ENHANCING POWER SYSTEM SECURITY THROUGH RESILIENT FREQUENCY REGULATION IN THE FACE OF HYBRID CYBER-ATTACKS

Abstract

The growing reliance on modern communication technologies in power systems for Frequency Regulation (FR) introduces vulnerabilities to cyberattacks, posing significant threats to system stability and reliability. These attacks can disrupt the coordination among various components, such as sensors, control centers, and actuators, thereby compromising the integrity of FR analysis. In response, this article proposes a resilient solution in the form of a deep-learning-based Attack Detection and Mitigation system. By integrating advanced AI techniques, this system aims to fortify the security of FR operations within the cyber-physical framework, swiftly identifying and neutralizing cyber threats. Ultimately, this approach ensures the continuous and reliable operation of power systems, mitigating the risks posed by hybrid cyberattacks and safeguarding critical infrastructure. The proposed system represents a proactive approach to mitigating the escalating risks associated with cyberattacks targeting FR in power systems. Through its deep-learning algorithms, the system can dynamically adapt to emerging threats, enhancing the resilience of FR analysis against malicious intrusions.
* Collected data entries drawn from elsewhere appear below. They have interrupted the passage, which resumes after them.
(* Let $\mathcal{G}$ be a connected undirected graph on $n>1$ nodes, i.e. a symmetric, strongly connected digraph, with the uniform weights described in the context. If $\epsilon\in\big(0,(1-\tfrac1n)(2-\tfrac1n)\big)$, then the deterministic algorithm with parameter $\epsilon$ achieves average consensus.
   Context: Setting: $\mathcal{G}=(\mathcal{V},\mathcal{E})$ with $\mathcal{V}=\{1,\dots,n\}$ and no selfloops. Symmetric means that $(j,i)\in\mathcal{E}$ implies $(i,j)\in\mathcal{E}$. The degree of $\mathcal{G}$ is $d=\max_i|\{j:(j,i)\in\mathcal{E}\}|$. Weights: $a_{ij}=1/(2dn)$ if $(j,i)\in\mathcal{E}$ and $0$ otherwise. Also $b_{ih}=1/(dn)$ if $(i,h)\in\mathcal{E}$ and $0$ otherwise. Matrices: $L=D-A$, where $A=[a_{ij}]$ and $D=\mathrm{diag}(\sum_j a_{ij})$. $S=(I-\tilde D)+B$, where $B=[b_{ih}]^T$ and $\tilde D=\mathrm{diag}(\sum_h b_{ih})$. Also $M=\begin{bmatrix} I-L & \epsilon I\\ L & S-\epsilon I\end{bmatrix}$. Deterministic algorithm: $(x(k+1),s(k+1))^T=M(x(k),s(k))^T$ with $s(0)=0$. Average consensus: for every $x(0)\in\mathbb{R}^n$, $(x(k),s(k))\to(x_a\mathbf{1},0)$ where $x_a=\mathbf{1}^Tx(0)/n$. *)

theory Defs
  imports "HOL-Analysis.Analysis"
begin

(* Graph on the finite vertex type 'n (n = CARD('n)); E j i means (j,i) is an edge. *)

definition no_selfloops :: "('n \<Rightarrow> 'n \<Rightarrow> bool) \<Rightarrow> bool" where
  "no_selfloops E \<longleftrightarrow> (\<forall>i. \<not> E i i)"

definition symmetric_graph :: "('n \<Rightarrow> 'n \<Rightarrow> bool) \<Rightarrow> bool" where
  "symmetric_graph E \<longleftrightarrow> (\<forall>i j. E j i \<longrightarrow> E i j)"

definition strongly_connected :: "('n \<Rightarrow> 'n \<Rightarrow> bool) \<Rightarrow> bool" where
  "strongly_connected E \<longleftrightarrow> (\<forall>i j. E\<^sup>*\<^sup>* i j)"
theorem mainTheorem6:
  fixes d :: nat
    and X :: "'a::euclidean_space set"
    and loss :: "'a \<Rightarrow> nat \<Rightarrow> real"
    and a :: "nat \<Rightarrow> real"
  assumes d2: "d \<ge> 2"
    and X_compact: "compact X"
    and loss_cont: "\<And>i. i \<in> {1..d} \<Longrightarrow> continuous_on X (\<lambda>x. loss x i)"
    and a_pos: "\<And>T. T \<ge> 1 \<Longrightarrow> a T > 0"
    and a_inf: "filterlim a at_top sequentially"
    and subexp: "(\<lambda>T. a T / real T) \<longlonglongrightarrow> 0"
  shows "\<forall>x\<in>X. \<forall>P :: nat pmf. set_pmf P = {1..d} \<longrightarrow>
           limsup (\<lambda>T. elog (measure (stream_space (measure_pmf P))
              {\<omega> \<in> space (stream_space (measure_pmf P)).
                 cost d loss x (pmf P) > svp d loss a x (empirical T \<omega>) T}) / ereal (a T))
           \<le> -1"
proof (intro ballI allI impI)
  fix x and P :: "nat pmf"
  assume "set_pmf P = {1..d}"
  then have P: "set_pmf P \<subseteq> {1..d}" by simp
  have a_ev: "eventually (\<lambda>T. 0 < a T) sequentially"
    using a_inf by (simp add: filterlim_at_top_dense)
  have "limsup (\<lambda>T. elog (svp_failure_prob d loss a x P T) / ereal (a T)) \<le> -1"
    by (rule limsup_elog_div_le_neg_one[OF a_inf _ _ svp_failure_prob_eventually_le[OF P _ _ a_ev subexp]])
      (simp_all add: svp_failure_prob_def)
  then show "limsup (\<lambda>T. elog (measure (stream_space (measure_pmf P))
      {\<omega> \<in> space (stream_space (measure_pmf P)). cost d loss x (pmf P) > svp d loss a x (empirical T \<omega>) T})
      / ereal (a T)) \<le> -1"
    by (simp add: svp_failure_prob_def)
qed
By bolstering security measures within the cyber-physical model, the system minimizes the potential impact of cyberattacks on power system stability and reliability. Moreover, its ability to detect and mitigate threats in real-time ensures uninterrupted operation, thereby safeguarding the functionality of power systems even amidst the evolving landscape of hybrid cyber threats. This resilient solution represents a crucial step towards fortifying power system security and maintaining essential services in the face of adversarial cyber activities. Keywords: Attack detection and mitigation (ADM) system, Frequency Regulation(FR), hybrid power system, Renewable Energy Sources (RESs), resiliency.